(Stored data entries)
####
(* Let $c$ and $d$ be two primitive combinatorial closed curves that are not freely homotopic. Then the sequence of double points of a double path of $(c,d)$ contains no double point more than once. Moreover, every double path of $(c,d)$ has length less than $|c|+|d|-1$.
   Context: A combinatorial closed curve $c$ of length $|c|$ has vertices $c(i)$ and arcs $c[i,i+1]$, $i\in\mathbb{Z}/|c|\mathbb{Z}$. It is primitive if its free homotopy class is not a proper power of another class. A forward index path of length $\ell$ of $c$ is $(i,i+1,\dots,i+\ell)$ (indices mod $|c|$), with image path $(c[i,i+1],\dots,c[i+\ell-1,i+\ell])$. A double point of $(c,d)$ is a pair $(i,j)\in\mathbb{Z}/|c|\mathbb{Z}\times\mathbb{Z}/|d|\mathbb{Z}$ with $c(i)=d(j)$. A double path of $(c,d)$ of length $\ell$ is a pair of forward index paths $((i,\dots,i+\ell)_c,(j,\dots,j+\ell)_d)$ with identical image paths; its sequence of double points is $(i+k,j+k)$, $k=0,\dots,\ell$. *)

theory Defs
  imports Main
begin

text \<open>Combinatorial surfaces are modelled as combinatorial maps on a finite type
  of darts (oriented arcs): a permutation sigma rotating darts around their tail
  vertex and a fixed-point-free involution alpha reversing darts.\<close>

definition comb_map :: "('d::finite \<Rightarrow> 'd) \<Rightarrow> ('d \<Rightarrow> 'd) \<Rightarrow> bool" where
  "comb_map \<sigma> \<alpha> \<longleftrightarrow> bij \<sigma> \<and> (\<forall>x. \<alpha> (\<alpha> x) = x \<and> \<alpha> x \<noteq> x)"

text \<open>Tail vertex of a dart (its sigma-orbit); the head of x is the tail of alpha x.\<close>
definition vertex :: "('d \<Rightarrow> 'd) \<Rightarrow> 'd \<Rightarrow> 'd set" where
  "vertex \<sigma> x = {(\<sigma> ^^ n) x | n. True}"

definition face_deg :: "('d \<Rightarrow> 'd) \<Rightarrow> ('d \<Rightarrow> 'd) \<Rightarrow> 'd \<Rightarrow> nat" where
  "face_deg \<sigma> \<alpha> x = (LEAST n. n > 0 \<and> ((\<sigma> \<circ> \<alpha>) ^^ n) x = x)"

definition face_walk :: "('d \<Rightarrow> 'd) \<Rightarrow> ('d \<Rightarrow> 'd) \<Rightarrow> 'd \<Rightarrow> 'd list" where
  "face_walk \<sigma> \<alpha> x = map (\<lambda>k. ((\<sigma> \<circ> \<alpha>) ^^ k) x) [0..<face_deg \<sigma> \<alpha> x]"
(* Let $K$ be a virtual knotoid diagram, let $s$ be a state of $K$, and let $G^s_K$ be the associated marked ribbon graph decorated with signs and arrows. Let $e_+$ and $e_-$ be the numbers of positive and negative edges of $G^s_K$, and define edge weights $b_e=B/A$ if $e$ is positive and $b_e=A/B$ if $e$ is negative. Then \[\langle K\rangle=\frac{A^{e_+}B^{e_-}}{d}\,R_{G^s_K}(1,\mathbf b,d),\] and consequently \[\langle K\rangle_A=\frac{A^{e_+-e_-}}{-A^2-A^{-2}}\,R_{G^s_K}\big(1,\mathbf b|_{B=A^{-1}},-A^2-A^{-2}\big).\]
   Context: Write $I=[0,1]$. A virtual knotoid diagram is an immersion of $I$ into $S^2$ whose singularities are finitely many transversal double points, each decorated either as a classical crossing (with over/under information) or as a virtual crossing; tail = image of $0$, head = image of $1$, oriented tail to head. Oriented state expansion: at each classical crossing there are two smoothings, the Kauffman $A$-smoothing and $B$-smoothing. Exactly one is compatible with the orientation (oriented smoothing); the other (disoriented) reverses the orientation along its arcs, and at each of the two points of reversal an arrow (a mark pointing in one direction along the curve) is placed, oriented counterclockwise around the former crossing. A state $s$ is a choice of smoothing at every classical crossing; it consists of loop components and one arc component (possibly with virtual crossings), decorated with arrows. Reduction: virtual moves (arrows pass virtual crossings) and cancellation of two consecutive arrows pointing in the same direction along a component. Each loop reduces to $K_i$ (a loop with $2i$ alternating arrows, $i\ge0$), and the arc reduces to $\Lambda_i$ or $\Lambda_i'$ (an arc with $2i$ alternating arrows whose first arrow from the tail points along, respectively against, the orientation at the tail). The arrow bracket is \[\langle K\rangle=\sum_s A^{a(s)}B^{b(s)}\prod_{\text{loops }C}d\,K_{i(C)}\cdot\Lambda^{(\prime)}_{j(s)}\in\mathbb Z[A,B,d,\{K_i,\Lambda_i,\Lambda_i'\}],\] where $a(s),b(s)$ are the numbers of $A$- and $B$-smoothings, $K_0=\Lambda_0=\Lambda_0'=1$, and $K_i,\Lambda_i,\Lambda_i'$ are commuting variables. The arrow polynomial $\langle K\rangle_A$ is its specialization at $B=A^{-1}$, $d=-A^2-A^{-2}$. A ribbon graph is a surface that is a union of vertex discs and edge discs, each edge disc meeting vertex discs in exactly two disjoint segments (attaching arcs); a marked vertex carries a marking (a boundary point away from attaching arcs) and an orientation of its boundary. The marked ribbon graph $G^s_K$: vertices are discs bounded by the state components of $s$, the arc component giving the marked vertex whose boundary is the arc closed up through the marking joining its endpoints, oriented tail to head. Edges correspond to classical crossings: at each smoothing site a small planar ribbon joins the two opposite arcs of the smoothing. Sign $+$ if $s$ uses the $A$-smoothing there, $-$ otherwise. Each edge gets two arrows running counterclockwise: if the smoothing is oriented, one on each edge boundary arc not meeting a vertex; if disoriented, one on each attaching arc. For a spanning subgraph $F\subseteq E(G)$ of a marked ribbon graph $G$ with one marked vertex, $k(F)$ is its number of components and $\mathrm{bc}(F)$ its number of boundary components; one boundary component passes through the marking, the others form $\partial^c(F)$. After cancelling consecutive equally-directed arrows, a circular component has $2j$ alternating arrows and contributes $K_j$; the marked component, read from the marking along the orientation, contributes $\Lambda_j$ or $\Lambda_j'$ according as its first arrow points along or against the orientation. The arrow Bollobás–Riordan polynomial is \[R_G(a,\mathbf b,c)=\sum_{F\subseteq E(G)}a^{k(F)}\Big(\prod_{e\in F}b_e\Big)c^{\mathrm{bc}(F)}\Big(\prod_{f\in\partial^c(F)}K_{j(f)}\Big)\Lambda^{(\prime)}_{j(F)}.\] *)

theory Defs
  imports Main
begin

text \<open>An arc-graph is a set X of arcs (identifiers of type 'x), each with two
endpoints (ends :: 'x => 'p * 'p) and possibly an arrow, given as the endpoint
the arrow points towards (arw :: 'x => 'p option).  Curves (state components,
boundary components of ribbon graphs) are the connected components of such
arc-graphs; every point has degree 2 (or 1 at the tail/head of a knotoid).\<close>

definition pts :: "'x set \<Rightarrow> ('x \<Rightarrow> 'p \<times> 'p) \<Rightarrow> 'p set" where
  "pts X en = fst ` en ` X \<union> snd ` en ` X"

definition adj :: "'x set \<Rightarrow> ('x \<Rightarrow> 'p \<times> 'p) \<Rightarrow> 'p \<Rightarrow> 'p \<Rightarrow> bool" where
  "adj X en u v \<longleftrightarrow> (\<exists>x\<in>X. en x = (u, v) \<or> en x = (v, u))"

definition comp_of :: "'x set \<Rightarrow> ('x \<Rightarrow> 'p \<times> 'p) \<Rightarrow> 'p \<Rightarrow> 'p set" where
  "comp_of X en p = {q. (adj X en)\<^sup>*\<^sup>* p q}"

definition comps :: "'x set \<Rightarrow> ('x \<Rightarrow> 'p \<times> 'p) \<Rightarrow> 'p set set" where
  "comps X en = comp_of X en ` pts X en"

text \<open>A trail: a list of traversed arcs (x, u, v) -- arc x traversed from u to v --
using distinct arcs, consecutive traversals being joined.\<close>
definition is_trail :: "'x set \<Rightarrow> ('x \<Rightarrow> 'p \<times> 'p) \<Rightarrow> ('x \<times> 'p \<times> 'p) list \<Rightarrow> bool" where
  "is_trail X en ts \<longleftrightarrow>
     (\<forall>(x, u, v) \<in> set ts. x \<in> X \<and> (en x = (u, v) \<or> en x = (v, u))) \<and>
     distinct (map fst ts) \<and>
     (\<forall>i. Suc i < length ts \<longrightarrow> snd (snd (ts ! i)) = fst (snd (ts ! Suc i)))"

definition arcs_in :: "'x set \<Rightarrow> ('x \<Rightarrow> 'p \<times> 'p) \<Rightarrow> 'p set \<Rightarrow> 'x set" where
  "arcs_in X en C = {x \<in> X. fst (en x) \<in> C}"

definition closed_traversal :: "'x set \<Rightarrow> ('x \<Rightarrow> 'p \<times> 'p) \<Rightarrow> 'p set \<Rightarrow> ('x \<times> 'p \<times> 'p) list \<Rightarrow> bool" where
  "closed_traversal X en C ts \<longleftrightarrow> is_trail X en ts \<and> ts \<noteq> [] \<and>
     snd (snd (last ts)) = fst (snd (hd ts)) \<and> set (map fst ts) = arcs_in X en C"

text \<open>Arrow word read along a traversal: True = the arrow points along the direction
of traversal, False = against it.\<close>
definition arrow_word :: "('x \<Rightarrow> 'p option) \<Rightarrow> ('x \<times> 'p \<times> 'p) list \<Rightarrow> bool list" where
  "arrow_word ar ts = concat (map (\<lambda>(x, u, v). case ar x of None \<Rightarrow> [] | Some p \<Rightarrow> [p = v]) ts)"

text \<open>Cancellation of two consecutive arrows pointing in the same direction: on an arc
(linear word) and on a circle (cyclic word, where the last and first arrow are consecutive).\<close>
definition lin_step :: "bool list \<Rightarrow> bool list \<Rightarrow> bool" where
  "lin_step w w' \<longleftrightarrow> (\<exists>u v a. w = u @ a # a # v \<and> w' = u @ v)"

definition cyc_step :: "bool list \<Rightarrow> bool list \<Rightarrow> bool" where
  "cyc_step w w' \<longleftrightarrow> lin_step w w' \<or> (\<exists>u a. w = a # u @ [a] \<and> w' = u)"

definition lin_reduced :: "bool list \<Rightarrow> bool list \<Rightarrow> bool" where
  "lin_reduced w r \<longleftrightarrow> lin_step\<^sup>*\<^sup>* w r \<and> \<not> (\<exists>r'. lin_step r r')"

definition cyc_reduced :: "bool list \<Rightarrow> bool list \<Rightarrow> bool" where
  "cyc_reduced w r \<longleftrightarrow> cyc_step\<^sup>*\<^sup>* w r \<and> \<not> (\<exists>r'. cyc_step r r')"

text \<open>Index i of K_i for a circular component C (reduced word has 2i arrows).\<close>
definition loop_index :: "'x set \<Rightarrow> ('x \<Rightarrow> 'p \<times> 'p) \<Rightarrow> ('x \<Rightarrow> 'p option) \<Rightarrow> 'p set \<Rightarrow> nat" where
  "loop_index X en ar C =
     length (SOME r. \<exists>ts. closed_traversal X en C ts \<and> cyc_reduced (arrow_word ar ts) r) div 2"

text \<open>Value of the marked/arc component whose arrow word is w:
 Lambda_j if the reduced word (2j arrows) starts with an arrow along the orientation,
 Lambda'_j if against; 1 (= Lambda_0 = Lambda'_0) if no arrows remain.\<close>
definition lam_value :: "(nat \<Rightarrow> 'a::field) \<Rightarrow> (nat \<Rightarrow> 'a) \<Rightarrow> bool list \<Rightarrow> 'a" where
  "lam_value L L' r = (if r = [] then 1 else if hd r then L (length r div 2) else L' (length r div 2))"

text \<open>Boundary arcs of a ribbon graph: VA = free arc of a vertex boundary
(not meeting an edge), AT e = attaching arc of edge e (2 per edge),
SD e = side of the edge disc of e not meeting a vertex (2 per edge).
The surface is determined by how these arcs are glued at their endpoints.\<close>
datatype arck = VA | AT nat | SD nat

record ('x, 'p) mrgraph =
  rarcs  :: "'x set"
  rends  :: "'x \<Rightarrow> 'p \<times> 'p"
  rkind  :: "'x \<Rightarrow> arck"
  rarw   :: "'x \<Rightarrow> 'p option"
  rmark  :: "'x"            \<comment> \<open>free arc of the marked vertex carrying the marking; the
                                 boundary orientation runs from fst to snd of its ends\<close>
  redges :: "nat set"
  rsign  :: "nat \<Rightarrow> bool"  \<comment> \<open>True = positive edge\<close>

text \<open>Arcs of the spanning subgraph F (all vertex discs plus edge discs of F)
and arcs of its boundary.\<close>
definition sub_arcs :: "('x, 'p) mrgraph \<Rightarrow> nat set \<Rightarrow> 'x set" where
  "sub_arcs G F = {x \<in> rarcs G. case rkind G x of VA \<Rightarrow> True | AT e \<Rightarrow> True | SD e \<Rightarrow> e \<in> F}"

definition bnd_arcs :: "('x, 'p) mrgraph \<Rightarrow> nat set \<Rightarrow> 'x set" where
  "bnd_arcs G F = {x \<in> rarcs G. case rkind G x of VA \<Rightarrow> True | AT e \<Rightarrow> e \<notin> F | SD e \<Rightarrow> e \<in> F}"

definition kcomp :: "('x, 'p) mrgraph \<Rightarrow> nat set \<Rightarrow> nat" where
  "kcomp G F = card (comps (sub_arcs G F) (rends G))"

definition bc :: "('x, 'p) mrgraph \<Rightarrow> nat set \<Rightarrow> nat" where
  "bc G F = card (comps (bnd_arcs G F) (rends G))"

definition marked_bcomp :: "('x, 'p) mrgraph \<Rightarrow> nat set \<Rightarrow> 'p set" where
  "marked_bcomp G F = comp_of (bnd_arcs G F) (rends G) (fst (rends G (rmark G)))"

definition marked_value :: "('x, 'p) mrgraph \<Rightarrow> nat set \<Rightarrow> (nat \<Rightarrow> 'a::field) \<Rightarrow> (nat \<Rightarrow> 'a) \<Rightarrow> 'a" where
  "marked_value G F L L' = lam_value L L'
     (SOME r. \<exists>ts. closed_traversal (bnd_arcs G F) (rends G) (marked_bcomp G F) ts \<and>
         hd ts = (rmark G, rends G (rmark G)) \<and>
         lin_reduced (arrow_word (rarw G) ts) r)"

definition arrowBR :: "('x, 'p) mrgraph \<Rightarrow> 'a::field \<Rightarrow> (nat \<Rightarrow> 'a) \<Rightarrow> 'a \<Rightarrow>
    (nat \<Rightarrow> 'a) \<Rightarrow> (nat \<Rightarrow> 'a) \<Rightarrow> (nat \<Rightarrow> 'a) \<Rightarrow> 'a" where
  "arrowBR G a b c K L L' = (\<Sum>F \<in> Pow (redges G).
      a ^ kcomp G F * (\<Prod>e\<in>F. b e) * c ^ bc G F *
      (\<Prod>C \<in> comps (bnd_arcs G F) (rends G) - {marked_bcomp G F}.
          K (loop_index (bnd_arcs G F) (rends G) (rarw G) C)) *
      marked_value G F L L')"

definition epos :: "('x, 'p) mrgraph \<Rightarrow> nat" where
  "epos G = card {e \<in> redges G. rsign G e}"

definition eneg :: "('x, 'p) mrgraph \<Rightarrow> nat" where
  "eneg G = card {e \<in> redges G. \<not> rsign G e}"

text \<open>Virtual knotoid diagrams up to virtual moves are encoded by their Gauss code:
the classical crossings met along the curve from tail to head.  Passage i is the i-th
passage through a classical crossing; code ! i = (c, ov) means it passes crossing c,
over if ov.  sgn c = True iff crossing c is positive.  Virtual crossings are not
recorded (both sides of the theorem are insensitive to them).\<close>
record kdiag =
  code :: "(nat \<times> bool) list"
  sgn  :: "nat \<Rightarrow> bool"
####
TASK STATEMENT:
The expected reply is a number only, the tally of lines in the data where the word "arck" is found.

OUTPUT FOR THIS EXERCISE:
2